* [ACTIVITY]:
Line count for the string "where": give the number of lines in the data below that contain it, and nothing more.

(Saved entries)

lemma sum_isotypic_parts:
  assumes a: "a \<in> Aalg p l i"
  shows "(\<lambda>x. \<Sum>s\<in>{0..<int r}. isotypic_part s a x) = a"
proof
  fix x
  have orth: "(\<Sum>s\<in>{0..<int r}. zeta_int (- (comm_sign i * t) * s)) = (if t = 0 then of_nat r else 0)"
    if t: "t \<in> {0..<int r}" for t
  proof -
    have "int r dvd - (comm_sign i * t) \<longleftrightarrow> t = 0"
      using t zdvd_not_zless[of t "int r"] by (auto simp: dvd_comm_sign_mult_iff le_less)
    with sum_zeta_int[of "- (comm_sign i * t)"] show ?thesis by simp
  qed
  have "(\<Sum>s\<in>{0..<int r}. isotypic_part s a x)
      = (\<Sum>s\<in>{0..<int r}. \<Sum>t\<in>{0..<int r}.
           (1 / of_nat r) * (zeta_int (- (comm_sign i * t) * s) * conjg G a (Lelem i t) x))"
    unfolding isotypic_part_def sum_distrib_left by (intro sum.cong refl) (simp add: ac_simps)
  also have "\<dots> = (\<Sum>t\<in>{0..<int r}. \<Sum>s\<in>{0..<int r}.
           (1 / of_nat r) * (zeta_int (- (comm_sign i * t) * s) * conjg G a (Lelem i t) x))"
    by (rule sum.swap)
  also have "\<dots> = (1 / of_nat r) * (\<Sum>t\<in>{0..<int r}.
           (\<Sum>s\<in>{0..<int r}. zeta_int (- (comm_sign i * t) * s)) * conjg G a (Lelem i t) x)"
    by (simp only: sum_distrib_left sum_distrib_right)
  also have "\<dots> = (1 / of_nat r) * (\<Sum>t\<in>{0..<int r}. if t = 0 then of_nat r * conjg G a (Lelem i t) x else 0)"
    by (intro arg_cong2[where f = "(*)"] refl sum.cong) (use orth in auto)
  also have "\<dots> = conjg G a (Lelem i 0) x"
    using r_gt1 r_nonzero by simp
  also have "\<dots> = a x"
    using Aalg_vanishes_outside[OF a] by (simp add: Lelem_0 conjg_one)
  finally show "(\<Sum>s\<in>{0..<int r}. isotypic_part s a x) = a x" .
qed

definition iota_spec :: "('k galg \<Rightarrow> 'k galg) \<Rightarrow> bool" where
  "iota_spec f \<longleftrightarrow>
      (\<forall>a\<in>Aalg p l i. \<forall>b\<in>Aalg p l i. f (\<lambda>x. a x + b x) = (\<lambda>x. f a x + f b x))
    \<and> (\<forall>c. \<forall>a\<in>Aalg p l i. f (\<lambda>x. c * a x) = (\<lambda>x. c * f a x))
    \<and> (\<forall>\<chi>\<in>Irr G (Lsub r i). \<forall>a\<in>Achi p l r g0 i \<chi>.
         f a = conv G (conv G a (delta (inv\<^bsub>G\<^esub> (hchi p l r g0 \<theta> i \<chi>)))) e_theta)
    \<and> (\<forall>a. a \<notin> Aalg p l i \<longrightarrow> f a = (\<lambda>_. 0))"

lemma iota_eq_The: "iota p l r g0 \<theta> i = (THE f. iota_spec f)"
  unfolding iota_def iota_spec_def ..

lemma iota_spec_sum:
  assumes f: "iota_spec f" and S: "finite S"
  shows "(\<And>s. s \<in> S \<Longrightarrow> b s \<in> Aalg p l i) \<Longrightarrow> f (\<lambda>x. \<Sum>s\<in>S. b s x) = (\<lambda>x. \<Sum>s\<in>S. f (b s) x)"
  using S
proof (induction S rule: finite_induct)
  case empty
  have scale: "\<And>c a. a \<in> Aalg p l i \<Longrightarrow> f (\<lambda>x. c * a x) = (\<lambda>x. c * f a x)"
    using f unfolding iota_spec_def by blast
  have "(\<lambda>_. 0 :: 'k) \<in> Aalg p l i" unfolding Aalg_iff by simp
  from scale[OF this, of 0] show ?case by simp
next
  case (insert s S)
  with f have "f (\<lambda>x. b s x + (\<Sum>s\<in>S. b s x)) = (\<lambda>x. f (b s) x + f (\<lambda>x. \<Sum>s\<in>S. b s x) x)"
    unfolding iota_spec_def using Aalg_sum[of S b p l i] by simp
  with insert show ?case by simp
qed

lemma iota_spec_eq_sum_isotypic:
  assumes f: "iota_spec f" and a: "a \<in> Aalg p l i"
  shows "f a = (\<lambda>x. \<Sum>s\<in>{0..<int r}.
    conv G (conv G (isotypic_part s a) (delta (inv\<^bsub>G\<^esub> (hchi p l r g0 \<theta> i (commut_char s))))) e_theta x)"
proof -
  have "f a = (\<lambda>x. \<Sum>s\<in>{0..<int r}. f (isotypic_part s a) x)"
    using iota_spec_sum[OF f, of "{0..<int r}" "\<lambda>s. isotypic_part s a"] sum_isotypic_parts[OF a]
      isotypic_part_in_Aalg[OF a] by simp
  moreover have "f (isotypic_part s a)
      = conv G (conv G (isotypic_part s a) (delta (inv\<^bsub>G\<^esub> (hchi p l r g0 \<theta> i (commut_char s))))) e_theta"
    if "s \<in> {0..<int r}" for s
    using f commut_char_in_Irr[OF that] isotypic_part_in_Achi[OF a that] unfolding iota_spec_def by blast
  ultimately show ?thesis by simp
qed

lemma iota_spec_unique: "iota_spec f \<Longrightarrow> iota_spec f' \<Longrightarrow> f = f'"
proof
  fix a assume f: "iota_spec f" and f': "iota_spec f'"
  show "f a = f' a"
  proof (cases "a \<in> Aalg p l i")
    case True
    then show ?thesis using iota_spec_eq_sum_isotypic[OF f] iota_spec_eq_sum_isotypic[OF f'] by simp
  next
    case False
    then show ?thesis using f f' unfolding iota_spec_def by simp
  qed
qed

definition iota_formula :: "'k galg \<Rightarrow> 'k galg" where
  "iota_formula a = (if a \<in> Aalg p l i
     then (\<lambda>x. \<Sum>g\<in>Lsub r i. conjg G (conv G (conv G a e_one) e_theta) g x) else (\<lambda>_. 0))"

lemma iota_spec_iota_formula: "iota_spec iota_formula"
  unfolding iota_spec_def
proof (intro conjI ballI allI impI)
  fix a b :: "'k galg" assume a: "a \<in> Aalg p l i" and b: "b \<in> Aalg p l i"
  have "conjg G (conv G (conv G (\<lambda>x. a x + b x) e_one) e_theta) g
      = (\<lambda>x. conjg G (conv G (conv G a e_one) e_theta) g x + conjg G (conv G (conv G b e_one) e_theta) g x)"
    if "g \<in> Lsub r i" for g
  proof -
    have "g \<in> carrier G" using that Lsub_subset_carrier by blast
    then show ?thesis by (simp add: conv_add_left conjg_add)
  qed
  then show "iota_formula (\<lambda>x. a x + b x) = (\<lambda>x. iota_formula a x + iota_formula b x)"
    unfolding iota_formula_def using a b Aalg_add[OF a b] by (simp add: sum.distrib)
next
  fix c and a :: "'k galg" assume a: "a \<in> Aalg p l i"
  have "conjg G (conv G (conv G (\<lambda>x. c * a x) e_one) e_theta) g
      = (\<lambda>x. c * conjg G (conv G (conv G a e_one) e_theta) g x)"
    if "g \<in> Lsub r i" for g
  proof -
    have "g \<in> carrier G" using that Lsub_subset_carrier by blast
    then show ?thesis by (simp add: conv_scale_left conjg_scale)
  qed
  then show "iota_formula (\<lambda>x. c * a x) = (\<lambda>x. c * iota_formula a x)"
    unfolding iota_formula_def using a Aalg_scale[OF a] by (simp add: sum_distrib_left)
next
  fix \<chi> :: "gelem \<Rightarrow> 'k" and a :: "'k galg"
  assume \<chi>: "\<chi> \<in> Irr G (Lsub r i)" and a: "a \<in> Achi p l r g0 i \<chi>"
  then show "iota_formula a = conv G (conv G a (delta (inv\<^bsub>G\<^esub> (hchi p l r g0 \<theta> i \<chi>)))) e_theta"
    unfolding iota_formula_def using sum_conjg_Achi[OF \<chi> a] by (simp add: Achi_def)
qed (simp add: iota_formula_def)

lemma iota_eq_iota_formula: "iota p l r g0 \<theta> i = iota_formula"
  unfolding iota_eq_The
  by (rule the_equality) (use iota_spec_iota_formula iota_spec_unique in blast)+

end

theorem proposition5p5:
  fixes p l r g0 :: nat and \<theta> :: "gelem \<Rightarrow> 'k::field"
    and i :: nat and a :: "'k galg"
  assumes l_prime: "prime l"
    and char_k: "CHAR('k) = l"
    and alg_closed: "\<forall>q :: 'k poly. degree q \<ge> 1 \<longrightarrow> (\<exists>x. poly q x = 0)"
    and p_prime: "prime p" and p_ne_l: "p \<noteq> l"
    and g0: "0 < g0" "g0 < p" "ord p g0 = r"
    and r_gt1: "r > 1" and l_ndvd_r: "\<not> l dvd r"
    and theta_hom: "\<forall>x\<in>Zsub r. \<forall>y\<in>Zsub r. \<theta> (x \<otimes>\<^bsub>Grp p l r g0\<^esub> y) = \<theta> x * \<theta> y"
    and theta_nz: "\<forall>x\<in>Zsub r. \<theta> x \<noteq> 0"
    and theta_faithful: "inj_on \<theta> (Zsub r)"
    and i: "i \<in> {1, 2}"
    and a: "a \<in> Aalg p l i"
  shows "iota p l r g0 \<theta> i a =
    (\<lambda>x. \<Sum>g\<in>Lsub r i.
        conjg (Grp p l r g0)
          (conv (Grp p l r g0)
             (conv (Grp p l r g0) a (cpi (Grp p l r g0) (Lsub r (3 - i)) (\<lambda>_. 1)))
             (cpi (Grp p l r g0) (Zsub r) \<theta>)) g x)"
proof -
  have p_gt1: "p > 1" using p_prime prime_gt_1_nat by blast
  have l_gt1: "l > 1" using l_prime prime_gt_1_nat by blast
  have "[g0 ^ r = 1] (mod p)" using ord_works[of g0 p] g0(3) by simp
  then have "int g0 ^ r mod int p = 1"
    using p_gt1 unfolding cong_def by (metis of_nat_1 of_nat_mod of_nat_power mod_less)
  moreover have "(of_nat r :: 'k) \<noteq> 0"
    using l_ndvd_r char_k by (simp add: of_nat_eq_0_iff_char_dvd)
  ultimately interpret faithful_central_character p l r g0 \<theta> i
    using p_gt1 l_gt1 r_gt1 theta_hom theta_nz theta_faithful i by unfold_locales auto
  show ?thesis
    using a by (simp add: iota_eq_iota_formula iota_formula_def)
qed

* [TASK RESPONSE]:
3